Aim of the exercise:
The output should consist solely of the lines running from the one that contains "ln_mult[of 3 7] ln_div[of 3 2]" through the end of the records below, copied exactly.
[Data in this exercise Boundary: Start]
(* Let $k\ge 7$ be an integer and $r=(\log k)^2/k$ (natural logarithm). For $\delta\in[0,1]$ let $g(\delta)=k\delta(1-\delta)^{k-1}$ and \[ \gamma(\delta)=\frac{g(\delta)^{r}}{\delta^{\delta}(1-\delta)^{1-\delta}} \] (with the convention $0^0=1$). Then $\max_{\delta\in[0,1]}\gamma(\delta)<1$. *)

theory Defs
  imports "HOL-Analysis.Analysis"
begin

definition pow00 :: "real \<Rightarrow> real \<Rightarrow> real" where
  "pow00 x a = (if x = 0 then (if a = 0 then 1 else 0) else x powr a)"

definition gfun :: "nat \<Rightarrow> real \<Rightarrow> real" where
  "gfun k \<delta> = real k * \<delta> * (1 - \<delta>) ^ (k - 1)"

definition rpar :: "nat \<Rightarrow> real" where
  "rpar k = (ln (real k))\<^sup>2 / real k"

definition gamma_fun :: "nat \<Rightarrow> real \<Rightarrow> real" where
  "gamma_fun k \<delta> = pow00 (gfun k \<delta>) (rpar k) /
      (pow00 \<delta> \<delta> * pow00 (1 - \<delta>) (1 - \<delta>))"

end

theory Submission
  imports Defs "HOL-Real_Asymp.Real_Asymp"
begin

text \<open>
  Put \<open>K = k\<close>, \<open>L = ln K\<close> and \<open>x = K\<delta>\<close>. Then
  \<open>K ln \<gamma>(\<delta>) = (L\<^sup>2 - x) ln x + x L + (L\<^sup>2(K - 1) - K + x) ln (1 - \<delta>)\<close>,
  and \<open>ln (1 - \<delta>) \<le> -\<delta> - \<delta>\<^sup>2/2\<close> bounds this by a function of \<open>x\<close> alone. That function
  is negative: for \<open>x \<ge> L\<^sup>2\<close> the linear terms dominate, and for \<open>x < L\<^sup>2\<close> replacing
  \<open>ln x\<close> by a tangent line (at \<open>1\<close> when \<open>K \<ge> 21\<close>, at \<open>3/2\<close> when \<open>K \<le> 20\<close>) leaves a
  quadratic in \<open>x\<close> with negative discriminant, checked on a few ranges of \<open>K\<close> using
  rational bounds for a handful of logarithms. At \<open>\<delta> = 0\<close> and \<open>\<delta> = 1\<close> we have \<open>\<gamma> = 0\<close>, and
  \<open>\<gamma>\<close> is continuous on \<open>[0, 1]\<close>, so its maximum is attained and is below \<open>1\<close>.
\<close>

lemma ln_add_one_lower:
  fixes u :: real assumes "0 \<le> u"
  shows "2*u/(2+u) \<le> ln (1+u)"
proof -
  let ?f = "\<lambda>u::real. ln (1+u) - 2*u/(2+u)"
  have deriv: "\<And>t. 0 \<le> t \<Longrightarrow> DERIV ?f t :> t^2/((1+t)*(2+t)^2)"
    by (rule derivative_eq_intros refl | simp)+
      (simp add: divide_simps, simp add: algebra_simps power2_eq_square)
  have "?f 0 \<le> ?f u"
  proof (rule DERIV_nonneg_imp_nondecreasing[OF assms])
    fix t :: real assume "0 \<le> t"
    with deriv have "DERIV ?f t :> t^2/((1+t)*(2+t)^2)" "0 \<le> t^2/((1+t)*(2+t)^2)" by auto
    then show "\<exists>y. DERIV ?f t :> y \<and> 0 \<le> y" by blast
  qed
  then show ?thesis by simp
qed
lemma ln_add_one_upper:
  fixes u :: real assumes "0 \<le> u"
  shows "ln (1+u) \<le> u*(6+u)/(6+4*u)"
proof -
  let ?f = "\<lambda>u::real. u*(6+u)/(6+4*u) - ln (1+u)"
  have deriv: "\<And>t. 0 \<le> t \<Longrightarrow> DERIV ?f t :> t^3/((1+t)*(3+2*t)^2)"
    by (rule derivative_eq_intros refl | simp)+
      (simp add: divide_simps, simp add: algebra_simps power2_eq_square power3_eq_cube)
  have "?f 0 \<le> ?f u"
  proof (rule DERIV_nonneg_imp_nondecreasing[OF assms])
    fix t :: real assume "0 \<le> t"
    with deriv have "DERIV ?f t :> t^3/((1+t)*(3+2*t)^2)" "0 \<le> t^3/((1+t)*(3+2*t)^2)" by auto
    then show "\<exists>y. DERIV ?f t :> y \<and> 0 \<le> y" by blast
  qed
  then show ?thesis by simp
qed
lemma ln_one_minus_le:
  fixes d :: real assumes "0 \<le> d" "d < 1"
  shows "ln (1-d) \<le> -d - d^2/2"
proof -
  let ?f = "\<lambda>t::real. -t - t^2/2 - ln (1-t)"
  have deriv: "\<And>t. t < 1 \<Longrightarrow> DERIV ?f t :> t^2/(1-t)"
    by (rule derivative_eq_intros refl | simp)+
      (simp add: divide_simps, simp add: algebra_simps power2_eq_square)
  have "?f 0 \<le> ?f d"
  proof (rule DERIV_nonneg_imp_nondecreasing[OF assms(1)])
    fix t :: real assume "t \<le> d"
    with deriv assms have "DERIV ?f t :> t^2/(1-t)" "0 \<le> t^2/(1-t)" by auto
    then show "\<exists>y. DERIV ?f t :> y \<and> 0 \<le> y" by blast
  qed
  then show ?thesis by simp
qed

lemma ln_squared_less_self:
  fixes K :: real assumes "1 \<le> K"
  shows "(ln K)^2 < K"
proof -
  have sK: "sqrt K > 0" using assms by simp
  have "ln (sqrt K / exp 1) \<le> sqrt K / exp 1 - 1" using sK by (intro ln_le_minus_one) simp
  then have "ln (sqrt K) \<le> sqrt K / exp 1" using sK by (simp add: ln_div)
  moreover have "ln K = 2 * ln (sqrt K)" using assms by (simp add: ln_sqrt)
  ultimately have "(ln K)^2 \<le> (2 * sqrt K / exp 1)^2"
    using assms by (intro power_mono) auto
  also have "\<dots> = 4 * K / (exp 1)^2" using assms by (simp add: power_divide power_mult_distrib)
  also have "\<dots> < K"
  proof -
    have "(2::real)^2 < (exp 1)^2"
      using exp_lower_Taylor_quadratic[of 1] by (intro power_strict_mono) auto
    then show ?thesis using assms by (simp add: divide_simps)
  qed
  finally show ?thesis .
qed

text \<open>
  The ratios \<open>16/15, 25/24, 81/80, 50/49, 121/120\<close> are close to \<open>1\<close>, so the two Pade
  bounds above pin down \<open>ln 2, ln 3, ln 5, ln 7, ln 11\<close> to three decimals.
\<close>
lemma ln_numeral_bounds:
  "1.945 \<le> ln (7::real)" "ln (7::real) \<le> 1.947"
  "2.078 \<le> ln (8::real)" "ln (10::real) \<le> 2.304"
  "2.397 \<le> ln (11::real)" "ln (20::real) \<le> 2.997"
  "3 < ln (21::real)"
  "0.404 \<le> ln (3/2::real)" "ln (3/2::real) \<le> 0.407"
proof -
  have ratios:
    "ln (2^4 / (3 * 5) :: real) = 4 * ln 2 - ln 3 - ln 5"
    "ln (5^2 / (2^3 * 3) :: real) = 2 * ln 5 - 3 * ln 2 - ln 3"
    "ln (3^4 / (2^4 * 5) :: real) = 4 * ln 3 - 4 * ln 2 - ln 5"
    "ln (2 * 5^2 / 7^2 :: real) = ln 2 + 2 * ln 5 - 2 * ln 7"
    "ln (11^2 / (2^3 * 3 * 5) :: real) = 2 * ln 11 - 3 * ln 2 - ln 3 - ln 5"
    by (simp only: ln_div ln_mult ln_realpow; simp)+
  have composite: "ln (8::real) = 3 * ln 2" "ln (10::real) = ln 2 + ln 5"
    "ln (20::real) = 2 * ln 2 + ln 5" "ln (21::real) = ln 3 + ln 7"
    "ln (3/2::real) = ln 3 - ln 2"
    using ln_realpow[of 2 3] ln_mult[of 2 5] ln_mult[of 4 5] ln_realpow[of 2 2]
      ln_mult[of 3 7] ln_div[of 3 2]
    by simp_all
  note bounds = ratios composite
    ln_add_one_lower[of "1/15"] ln_add_one_upper[of "1/15"]
    ln_add_one_lower[of "1/24"] ln_add_one_upper[of "1/24"]
    ln_add_one_lower[of "1/80"] ln_add_one_upper[of "1/80"]
    ln_add_one_lower[of "1/49"] ln_add_one_upper[of "1/49"]
    ln_add_one_lower[of "1/120"] ln_add_one_upper[of "1/120"]
  show "1.945 \<le> ln (7::real)" "ln (7::real) \<le> 1.947"
    "2.078 \<le> ln (8::real)" "ln (10::real) \<le> 2.304"
    "2.397 \<le> ln (11::real)" "ln (20::real) \<le> 2.997"
    "3 < ln (21::real)"
    "0.404 \<le> ln (3/2::real)" "ln (3/2::real) \<le> 0.407"
    using bounds by (simp_all add: field_simps; linarith)+
qed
[Data in this exercise Boundary: End]
Result:
      ln_mult[of 3 7] ln_div[of 3 2]
    by simp_all
  note bounds = ratios composite
    ln_add_one_lower[of "1/15"] ln_add_one_upper[of "1/15"]
    ln_add_one_lower[of "1/24"] ln_add_one_upper[of "1/24"]
    ln_add_one_lower[of "1/80"] ln_add_one_upper[of "1/80"]
    ln_add_one_lower[of "1/49"] ln_add_one_upper[of "1/49"]
    ln_add_one_lower[of "1/120"] ln_add_one_upper[of "1/120"]
  show "1.945 \<le> ln (7::real)" "ln (7::real) \<le> 1.947"
    "2.078 \<le> ln (8::real)" "ln (10::real) \<le> 2.304"
    "2.397 \<le> ln (11::real)" "ln (20::real) \<le> 2.997"
    "3 < ln (21::real)"
    "0.404 \<le> ln (3/2::real)" "ln (3/2::real) \<le> 0.407"
    using bounds by (simp_all add: field_simps; linarith)+
qed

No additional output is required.